Presque, parce que cette grosse barre d’immeubles est située à 100 mètres d’une usine classée Seveso, anciennement dénommée Progil ou Rhône-Poulenc, aujourd’hui Vencorex ou tout simplement « plateforme chimique de Pont-de-Claix ».
Ce quartier s’appelle Le Canton, va savoir pourquoi, et c’est là que j’ai grandi, dans la montée 5. Mon immeuble, datant de 1972-1973, est l’une des dernières traces à Pont-de-Claix de la politique dite « des grands ensembles », implantant sur d’anciennes terres agricoles d’énormes barres d’immeubles de 10 étages minimum pour y loger les dernières vagues de l’exode rural d’après-guerre. Mes parents en faisaient partie.
Au début des années 80, je découvrais l’aventure dans les terrains vagues tout autour de l’immeuble. Des gros buissons dans lesquels on pouvait se cacher et faire des cabanes, des mini-collines-déchets de béton où l’on pouvait observer des crapauds, grenouilles et lézards verts. Et surtout, aucune barrière nulle part, aucune trace de délimitation de propriété. Au loin, on voyait les immenses tours des Tritons où l’on avait entassé les dernières vagues d’immigration « de travail », principalement maghrébines. On avait aussi de vieilles baraques où des immigrés portugais entretenaient poules et jardins. Parfois un cirque ambulant plantait son chapiteau, d’autres fois des gitans s’installaient quelques jours sur les terrains vagues. Les adultes flippaient, les gamins étaient excités par ce pseudo-danger. Au final, il ne se passait pas grand-chose. On pouvait aller partout, les frontières physiques n’existaient pas.
Quand est-ce que ça a commencé ? Difficile à dire.
En 1988, ils ont fait tomber les tours Tritons qui n’avaient que vingt ans d’âge mais qui avaient dû être sacrément mal foutues. Pour reloger les habitants on a bétonné toute la zone entre la colline et l’immeuble. Je pense que les premiers grillages sont apparus peu de temps après. Dans le parc de notre immeuble, un chemin existait auparavant, souvent emprunté par les habitants des Tritons pour rentrer chez eux : pendant 15 ans, je ne crois pas que cela ait gêné grand monde.

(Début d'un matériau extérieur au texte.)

lemma far_end_inj_on:
  assumes "tree V E" "m \<in> V"
  shows "inj_on (far_end E m) E"
proof (rule inj_onI, rule ccontr)
  fix e e' assume e: "e \<in> E" "e' \<in> E" "far_end E m e = far_end E m e'" "e \<noteq> e'"
  note near_far = near_far_end[OF assms e(1)] and near_far' = near_far_end[OF assms e(2)]
  define v where "v = far_end E m e"
  have "far_end E m e' \<in> e" "far_end E m e \<in> e'"
    using near_far_end_mem(2)[OF assms e(1)] near_far_end_mem(2)[OF assms e(2)] e(3) by simp_all
  then have depth: "edge_depth E m e' = edge_depth E m e"
    using far_end_depth_le[OF assms e(1,2)] far_end_depth_le[OF assms e(2,1)] by simp
  show False
  proof (cases "edge_depth E m e")
    case 0
    then have "near_end E m e = m" "near_end E m e' = m"
      using near_far(2) near_far'(2) depth by simp_all
    with e(3) have "{near_end E m e, far_end E m e} = {near_end E m e', far_end E m e'}"
      by simp
    then have "e = e'"
      by (simp only: near_far(1)[symmetric] near_far'(1)[symmetric])
    with e(4) show False ..
  next
    case (Suc k)
    have "near_end E m e \<in> reached E m (Suc k)" "near_end E m e' \<in> reached E m (Suc k)"
      using near_far(2) near_far'(2) depth Suc by simp_all
    then obtain xs where xs: "is_walk (edges_within E m k) xs"
      "hd xs = near_end E m e" "last xs = near_end E m e'"
      using reached_walk[OF assms(1)] by blast
    have "{last xs, v} \<in> insert e' (edges_within E m k)"
      using xs(3) near_far'(1)[symmetric] e(3) v_def by simp
    then have walk: "is_walk (insert e' (edges_within E m k)) (xs @ [v])"
      by (rule is_walk_snoc[OF is_walk_mono[OF xs(1) subset_insertI]])
    have "e \<notin> edges_within E m k"
      using not_edges_within_below_depth[of k E m e] Suc by simp
    then have "insert e' (edges_within E m k) \<subseteq> E - {{near_end E m e, v}}"
      using edges_within_subset[of E m k] e(2,4) near_far(1)[symmetric] v_def by auto
    moreover have "hd (xs @ [v]) = near_end E m e" "last (xs @ [v]) = v"
      using xs(2) is_walk_nonempty[OF xs(1)] by simp_all
    moreover have "{near_end E m e, v} \<in> E"
      using e(1) near_far(1)[symmetric] v_def by simp
    ultimately show False
      using tree_no_detour[OF assms(1) _ walk] by blast
  qed
qed

lemma mem_edge_iff_near_far_end:
  assumes "tree V E" "m \<in> V" "e \<in> E"
  shows "x \<in> e \<longleftrightarrow> x = near_end E m e \<or> x = far_end E m e"
  by (subst near_far_end(1)[OF assms]) simp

Désormais il faut se « protéger » de l’extérieur et donc empêcher l’utilisation du chemin par des gens extérieurs à l’immeuble. Pourquoi une chose tolérée jusque-là est devenue intolérable ? Je n’ai pas de réponse.
Les portes des halls d’entrée et des parties communes étaient légères, en bois. À peu près à la même période, elles ont été remplacées par des gros battants métalliques bien moins chaleureux et avenants. L’étape suivante, ce fut, dans les années 2000, l’apparition de digicodes avec badges. La sensation d’un danger extérieur se faisait de plus en plus présente et pressante.

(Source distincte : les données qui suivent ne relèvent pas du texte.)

lemma tendsto_Ppmf_below:
  fixes s \<phi> :: "nat \<Rightarrow> real"
  assumes s: "filterlim s at_top sequentially" and ab: "0 < b" "b < a"
    and lim: "((\<lambda>N. \<phi> N / s N powr \<alpha>) \<longlongrightarrow> L) sequentially" and L: "a powr \<alpha> < L"
  shows "((\<lambda>N. measure_pmf.prob (Ppmf g (\<phi> N)) {n. real n / s N < b}) \<longlongrightarrow> 0) sequentially"
proof -
  define r where "r = a powr \<alpha> / L"
  define \<rho> where "\<rho> = (1 + max 0 r) / 2"
  have "L > 0" using L ab by (smt (verit) powr_gt_zero)
  then have "r < 1" unfolding r_def using L by (simp add: divide_less_eq)
  then have \<rho>: "0 < \<rho>" "\<rho> < 1" "r < \<rho>" unfolding \<rho>_def by auto
  have "((\<lambda>N. (g (nat \<lfloor>a * s N\<rfloor>) / s N powr \<alpha>) / (\<phi> N / s N powr \<alpha>)) \<longlongrightarrow> r) sequentially"
    unfolding r_def using ab \<open>L > 0\<close> by (intro tendsto_divide lim g_floor_asymp[OF s]) auto
  then have "eventually (\<lambda>N. (g (nat \<lfloor>a * s N\<rfloor>) / s N powr \<alpha>) / (\<phi> N / s N powr \<alpha>) < \<rho>)
      sequentially"
    using \<rho>(3) by (rule order_tendstoD)
  moreover have "eventually (\<lambda>N. \<phi> N / s N powr \<alpha> > 0) sequentially"
    using lim \<open>L > 0\<close> by (rule order_tendstoD)
  moreover have "eventually (\<lambda>N. s N > 0) sequentially"
    using s by (simp add: filterlim_at_top_dense)
  ultimately have "eventually (\<lambda>N. measure_pmf.prob (Ppmf g (\<phi> N)) {n. real n / s N < b}
                              \<le> \<rho> ^ nat \<lfloor>(a - b) * s N\<rfloor> / (1 - \<rho>)) sequentially"
  proof eventually_elim
    case (elim N)
    then have "\<phi> N > 0" by (simp add: zero_less_divide_iff)
    with elim show ?case
      using ab by (intro Ppmf_prob_ratio_below[OF _ \<rho>(1,2)]) (auto simp: divide_less_eq less_imp_le)
  qed
  moreover have "filterlim (\<lambda>N. nat \<lfloor>(a - b) * s N\<rfloor>) at_top sequentially"
    using ab by (intro filterlim_nat_floor_mult_at_top[OF s]) simp
  then have "((\<lambda>N. \<rho> ^ nat \<lfloor>(a - b) * s N\<rfloor> / (1 - \<rho>)) \<longlongrightarrow> 0) sequentially"
    using \<rho> by (intro tendsto_divide_zero filterlim_compose[OF LIMSEQ_power_zero]) auto
  ultimately show ?thesis by (intro measure_pmf_prob_tendsto_0I)
qed

lemma conv_prob_Ppmf_scaled:
  fixes s \<phi> :: "nat \<Rightarrow> real"
  assumes s: "filterlim s at_top sequentially" and \<phi>: "\<And>N. \<phi> N \<ge> 0" and A: "A \<ge> 0"
    and lim: "((\<lambda>N. \<phi> N / s N powr \<alpha>) \<longlongrightarrow> A powr \<alpha>) sequentially"
  shows "conv_prob (\<lambda>N. Ppmf g (\<phi> N)) (\<lambda>N n. real n / s N) A"
proof (rule conv_probI_one_sided)
  fix b assume "A < b"
  then have "0 < (A + b) / 2" "(A + b) / 2 < b" "A powr \<alpha> < ((A + b) / 2) powr \<alpha>"
    using A alpha_pos by (auto intro: powr_less_mono2)
  then show "((\<lambda>N. measure_pmf.prob (Ppmf g (\<phi> N)) {n. real n / s N > b}) \<longlongrightarrow> 0) sequentially"
    by (intro tendsto_Ppmf_above[OF s _ _ \<phi> lim])
next
  fix b assume "b < A"
  show "((\<lambda>N. measure_pmf.prob (Ppmf g (\<phi> N)) {n. real n / s N < b}) \<longlongrightarrow> 0) sequentially"
  proof (cases "b > 0")
    case True
    with \<open>b < A\<close> have "b < (A + b) / 2" "((A + b) / 2) powr \<alpha> < A powr \<alpha>"
      using alpha_pos by (auto intro: powr_less_mono2)
    with True show ?thesis by (intro tendsto_Ppmf_below[OF s _ _ lim])
  next
    case False
    have "{n. real n / s N < b} = {}" if "s N > 0" for N
    proof -
      have "b * s N \<le> 0" using False that by (simp add: mult_nonpos_nonneg)
      then show ?thesis using that by (auto simp: divide_less_eq)
    qed
    moreover have "eventually (\<lambda>N. s N > 0) sequentially"
      using s by (simp add: filterlim_at_top_dense)
    ultimately show ?thesis
      by (intro measure_pmf_prob_tendsto_0I[OF tendsto_const]) (auto elim!: eventually_mono)
  qed
qed

lemma conv_prob_Ppmf_power:
  assumes \<kappa>: "\<kappa> \<ge> 0" and \<beta>: "\<beta> > 0"
  shows "conv_prob (\<lambda>N. Ppmf g (\<kappa> * real N powr \<beta>)) (\<lambda>N n. real n / real N powr (\<beta> / \<alpha>))
           (\<kappa> powr (1 / \<alpha>))"
proof (rule conv_prob_Ppmf_scaled)
  show "filterlim (\<lambda>N. real N powr (\<beta> / \<alpha>)) at_top sequentially"
    using \<beta> alpha_pos
    by (intro filterlim_compose[OF real_powr_at_top filterlim_real_sequentially]) simp
  have "eventually (\<lambda>N. \<kappa> * real N powr \<beta> / (real N powr (\<beta> / \<alpha>)) powr \<alpha> = \<kappa>) sequentially"
    using eventually_gt_at_top[of 0] by eventually_elim (use alpha_pos in \<open>simp add: powr_powr\<close>)
  moreover have "(\<kappa> powr (1 / \<alpha>)) powr \<alpha> = \<kappa>"
    using \<kappa> alpha_pos by (simp add: powr_powr)
  ultimately show "((\<lambda>N. \<kappa> * real N powr \<beta> / (real N powr (\<beta> / \<alpha>)) powr \<alpha>)
      \<longlongrightarrow> (\<kappa> powr (1 / \<alpha>)) powr \<alpha>) sequentially"
    by (simp add: tendsto_eventually)
qed (use \<kappa> in auto)

lemma conv_prob_Ppmf_subcritical:
  assumes \<kappa>: "\<kappa> \<ge> 0" and \<beta>: "\<beta> < \<alpha>"
  shows "conv_prob (\<lambda>N. Ppmf g (\<kappa> * real N powr \<beta>)) (\<lambda>N n. real n / real N) 0"
proof (rule conv_prob_Ppmf_scaled[OF filterlim_real_sequentially])
  have "((\<lambda>N. \<kappa> * real N powr (\<beta> - \<alpha>)) \<longlongrightarrow> \<kappa> * 0) sequentially"
    using \<beta> by (intro tendsto_mult tendsto_const tendsto_neg_powr filterlim_real_sequentially) auto
  moreover have "eventually (\<lambda>N. \<kappa> * real N powr (\<beta> - \<alpha>) = \<kappa> * real N powr \<beta> / real N powr \<alpha>)
      sequentially"
    using eventually_gt_at_top[of 0] by eventually_elim (simp add: powr_diff)
  ultimately show "((\<lambda>N. \<kappa> * real N powr \<beta> / real N powr \<alpha>) \<longlongrightarrow> 0 powr \<alpha>) sequentially"
    by (simp add: tendsto_cong[symmetric])
qed (use \<kappa> in auto)

end

section \<open>The product measure\<close>

lemma kjN_less:
  assumes "0 \<le> xj" "xj < 1" "N > 0"
  shows "kjN xj N < N"
proof -
  have "xj * real N < real N" using assms by simp
  then have "\<lfloor>xj * real N\<rfloor> < int N" by (simp add: floor_less_iff)
  then show ?thesis unfolding kjN_def using assms(3) by (simp add: nat_less_iff)
qed

lemma tendsto_kjN_div:
  assumes "0 \<le> xj"
  shows "((\<lambda>N. real (kjN xj N) / real N) \<longlongrightarrow> xj) sequentially"
  unfolding kjN_def by (rule tendsto_nat_floor_mult_div[OF filterlim_real_sequentially assms])

locale zero_range_sites = zero_range_rate +
  fixes J :: "'j set" and x \<beta> lam :: "'j \<Rightarrow> real" and c :: real
  assumes finite_J: "finite J"
    and x_range: "\<And>j. j \<in> J \<Longrightarrow> 0 \<le> x j \<and> x j < 1"
    and inj_x: "inj_on x J"
    and lam_pos: "\<And>j. j \<in> J \<Longrightarrow> lam j > 0"
    and c_nonneg: "c \<ge> 0"
begin

lemma eventually_sites_separated:
  "eventually (\<lambda>N. N > 0 \<and> inj_on (\<lambda>j. kjN (x j) N) J \<and> (\<forall>j\<in>J. kjN (x j) N < N)) sequentially"
proof -
  have "eventually (\<lambda>N. kjN (x i) N \<noteq> kjN (x j) N) sequentially"
    if "i \<in> J" "j \<in> J" "i \<noteq> j" for i j
  proof -
    have "((\<lambda>N. real (kjN (x i) N) / real N - real (kjN (x j) N) / real N) \<longlongrightarrow> x i - x j)
        sequentially"
      using that x_range by (intro tendsto_diff tendsto_kjN_div) auto
    moreover have "x i - x j \<noteq> 0" using inj_onD[OF inj_x] that by auto
    ultimately show ?thesis by (auto dest!: tendsto_imp_eventually_ne elim!: eventually_mono)
  qed
  then have "eventually (\<lambda>N. \<forall>i\<in>J. \<forall>j\<in>J. i \<noteq> j \<longrightarrow> kjN (x i) N \<noteq> kjN (x j) N) sequentially"
    using finite_J by (auto simp: eventually_ball_finite_distrib intro!: eventually_ball_finite)
  then show ?thesis
    using eventually_gt_at_top[of 0]
    by eventually_elim (auto simp: inj_on_def intro!: kjN_less dest: x_range)
qed

lemma map_RN_site:
  assumes "inj_on (\<lambda>j. kjN (x j) N) J" "\<forall>j\<in>J. kjN (x j) N < N" "j \<in> J"
  shows "map_pmf (\<lambda>\<xi>. \<xi> (kjN (x j) N)) (RN g J x \<beta> lam c N)
         = Ppmf g (lam j * real N powr \<beta> j * Phi g c)"
proof -
  have "(SOME i. i \<in> J \<and> kjN (x i) N = kjN (x j) N) = j"
    using assms by (intro some_equality) (auto simp: inj_on_def)
  then show ?thesis
    unfolding RN_def using assms by (subst map_pmf_Pi_pmf_component) auto
qed

lemma conv_prob_RN_site:
  assumes "j \<in> J" and "conv_prob (\<lambda>N. Ppmf g (lam j * real N powr \<beta> j * Phi g c)) X a"
  shows "conv_prob (\<lambda>N. RN g J x \<beta> lam c N) (\<lambda>N \<xi>. X N (\<xi> (kjN (x j) N))) a"
proof -
  have "eventually (\<lambda>N. map_pmf (\<lambda>\<xi>. \<xi> (kjN (x j) N)) (RN g J x \<beta> lam c N)
                        = Ppmf g (lam j * real N powr \<beta> j * Phi g c)) sequentially"
    using eventually_sites_separated by eventually_elim (use map_RN_site assms(1) in blast)
  then have "conv_prob (\<lambda>N. map_pmf (\<lambda>\<xi>. \<xi> (kjN (x j) N)) (RN g J x \<beta> lam c N)) X a"
    using assms(2) by (subst conv_prob_cong[OF _ always_eventually]) auto
  then show ?thesis by (simp add: conv_prob_map_pmf)
qed

lemma Rmean_Phi_c: "Phi g c \<ge> 0" "Rmean g (Phi g c) = c"
  using Rmean_Phi[OF c_nonneg] by auto

lemma conv_prob_slow_site:
  assumes j: "j \<in> J" and \<beta>: "\<beta> j > \<alpha>"
  shows "conv_prob (\<lambda>N. RN g J x \<beta> lam c N)
           (\<lambda>N \<xi>. real N powr (- \<beta> j / \<alpha>) * real (\<xi> (kjN (x j) N)))
           ((lam j * Phi g c) powr (1 / \<alpha>))"
proof -
  have "conv_prob (\<lambda>N. Ppmf g (lam j * real N powr \<beta> j * Phi g c))
          (\<lambda>N n. real n / real N powr (\<beta> j / \<alpha>)) ((lam j * Phi g c) powr (1 / \<alpha>))"
    using conv_prob_Ppmf_power[of "lam j * Phi g c" "\<beta> j"] lam_pos[OF j] Rmean_Phi_c \<beta> alpha_pos
    by (simp add: mult_ac)
  from conv_prob_RN_site[OF j this] show ?thesis
    by (simp add: powr_minus divide_inverse mult.commute)
qed

lemma conv_prob_site_term:
  assumes j: "j \<in> J" and \<beta>: "\<beta> j \<le> \<alpha>" and G: "isCont G (x j)"
  shows "conv_prob (\<lambda>N. RN g J x \<beta> lam c N)
           (\<lambda>N \<xi>. real (\<xi> (kjN (x j) N)) * G (real (kjN (x j) N) / real N) / real N)
           (if \<beta> j = \<alpha> then (lam j * Phi g c) powr (1 / \<alpha>) * G (x j) else 0)"
proof -
  define A where "A = (if \<beta> j = \<alpha> then (lam j * Phi g c) powr (1 / \<alpha>) else 0)"
  have \<kappa>: "lam j * Phi g c \<ge> 0" using lam_pos[OF j] Rmean_Phi_c by simp
  have "conv_prob (\<lambda>N. Ppmf g (lam j * real N powr \<beta> j * Phi g c)) (\<lambda>N n. real n / real N) A"
  proof (cases "\<beta> j = \<alpha>")
    case True
    then show ?thesis
      using conv_prob_Ppmf_power[OF \<kappa>, of \<alpha>] alpha_pos by (simp add: A_def mult_ac)
  next
    case False
    then show ?thesis
      using conv_prob_Ppmf_subcritical[OF \<kappa>, of "\<beta> j"] \<beta> by (simp add: A_def mult_ac)
  qed
  from conv_prob_RN_site[OF j this]
  have "conv_prob (\<lambda>N. RN g J x \<beta> lam c N)
          (\<lambda>N \<xi>. real (\<xi> (kjN (x j) N)) / real N * G (real (kjN (x j) N) / real N)) (A * G (x j))"
    using x_range[OF j]
    by (intro conv_prob_mult_tendsto isCont_tendsto_compose[OF G] tendsto_kjN_div) auto
  then show ?thesis by (cases "\<beta> j = \<alpha>") (simp_all add: A_def)
qed

lemma conv_prob_bulk_fluctuation:
  assumes Bd: "\<And>t. t \<in> {0..1} \<Longrightarrow> \<bar>G t\<bar> \<le> Bd"
  shows "conv_prob (\<lambda>N. RN g J x \<beta> lam c N)
           (\<lambda>N \<xi>. \<Sum>k\<in>{..<N} - (\<lambda>j. kjN (x j) N) ` J.
               G (real k / real N) / real N * (real (\<xi> k) - c))
           0"
proof -
  define B where "B N = {..<N} - (\<lambda>j. kjN (x j) N) ` J" for N
  define q where "q = Ppmf g (Phi g c)"
  define h where "h = (\<lambda>n::nat. real n - c)"
  define V where "V = measure_pmf.expectation q (\<lambda>n. h n ^ 2)"
  define Y where "Y N \<xi> = (\<Sum>k\<in>B N. G (real k / real N) / real N * h (\<xi> k))"
    for N and \<xi> :: "nat \<Rightarrow> nat"
  have int: "integrable (measure_pmf q) h" "integrable (measure_pmf q) (\<lambda>n. h n ^ 2)"
    using Ppmf_moments[OF Rmean_Phi_c(1)] by (simp_all add: q_def h_def power2_diff)
  have centered: "measure_pmf.expectation q h = 0"
    using Ppmf_moments[OF Rmean_Phi_c(1)] Rmean_Phi_c(2) by (simp add: q_def h_def)
  have iid: "(if \<exists>j\<in>J. kjN (x j) N = k then p k else Ppmf g (Phi g c)) = q" if "k \<in> B N" for p N k
    using that by (auto simp: B_def q_def)
  note second_moment = expectation_Pi_pmf_weighted_sum_sq[OF _ _ iid int centered]
  have moment: "measure_pmf.expectation (RN g J x \<beta> lam c N) (\<lambda>\<xi>. Y N \<xi> ^ 2) \<le> Bd ^ 2 / real N * V"
    for N
  proof -
    have "(\<Sum>k\<in>B N. (G (real k / real N) / real N) ^ 2) \<le> Bd ^ 2 / real N"
      by (rule sum_power2_div_le) (auto simp: B_def intro!: Bd)
    then have "(\<Sum>k\<in>B N. (G (real k / real N) / real N) ^ 2) * V \<le> Bd ^ 2 / real N * V"
      by (rule mult_right_mono) (simp add: V_def)
    moreover have "measure_pmf.expectation (RN g J x \<beta> lam c N) (\<lambda>\<xi>. Y N \<xi> ^ 2)
        = (\<Sum>k\<in>B N. (G (real k / real N) / real N) ^ 2) * V"
      unfolding RN_def Y_def V_def by (rule second_moment(2)) (auto simp: B_def)
    ultimately show ?thesis by simp
  qed
  have "conv_prob (\<lambda>N. RN g J x \<beta> lam c N) Y 0"
  proof (rule conv_prob_second_moment)
    show "integrable (measure_pmf (RN g J x \<beta> lam c N)) (\<lambda>\<xi>. Y N \<xi> ^ 2)" for N
      unfolding RN_def Y_def by (rule second_moment(1)) (auto simp: B_def)
    have lim: "((\<lambda>N. Bd ^ 2 / real N * V) \<longlongrightarrow> 0) sequentially"
      by (intro tendsto_mult_left_zero tendsto_divide_0[OF tendsto_const]
          filterlim_at_top_imp_at_infinity[OF filterlim_real_sequentially])
    have "0 \<le> measure_pmf.expectation (RN g J x \<beta> lam c N) (\<lambda>\<xi>. Y N \<xi> ^ 2)" for N
      by (rule Bochner_Integration.integral_nonneg) simp
    then show "((\<lambda>N. measure_pmf.expectation (RN g J x \<beta> lam c N) (\<lambda>\<xi>. Y N \<xi> ^ 2)) \<longlongrightarrow> 0)
        sequentially"
      by (intro Lim_null_comparison[OF always_eventually lim]) (use moment in simp)
  qed
  then show ?thesis unfolding Y_def[abs_def] B_def h_def .
qed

Puis ce fut l’entrée du parc derrière l’immeuble, celui-là même où se trouvaient les cabanes-ronces et collines-déchets de béton, qui fut barré d’un immense portail digne d’une prison, accessible uniquement par digicode. A cette époque, il y avait déjà un moment que crapauds, lézards verts, ronces et autres « objets contondants »avaient disparu du paysage.
La suite logique, ce fut la pose de grillages de l’autre coté de l’immeuble, puis la création d’un portique pour sortir à pied, avec digicode. Le dispositif prenait forme, les limites se rencontraient, le danger était repoussé, mais il restait un point faible. Longtemps, lors des interminables réu’ de syndic une majorité avait résisté à l’installation d’un énorme portail automatique pour accéder au parking et au bas de l’immeuble. Portail qui, en finissant de boucler le tour de barrières, rendait tout le terrain de jeu de mon enfance inaccessible à toute personne extérieure à l’immeuble. C’est sans doute l’arrivée du tram et de ses potentiels utilisateurs malveillants qui finit de convaincre les derniers récalcitrants.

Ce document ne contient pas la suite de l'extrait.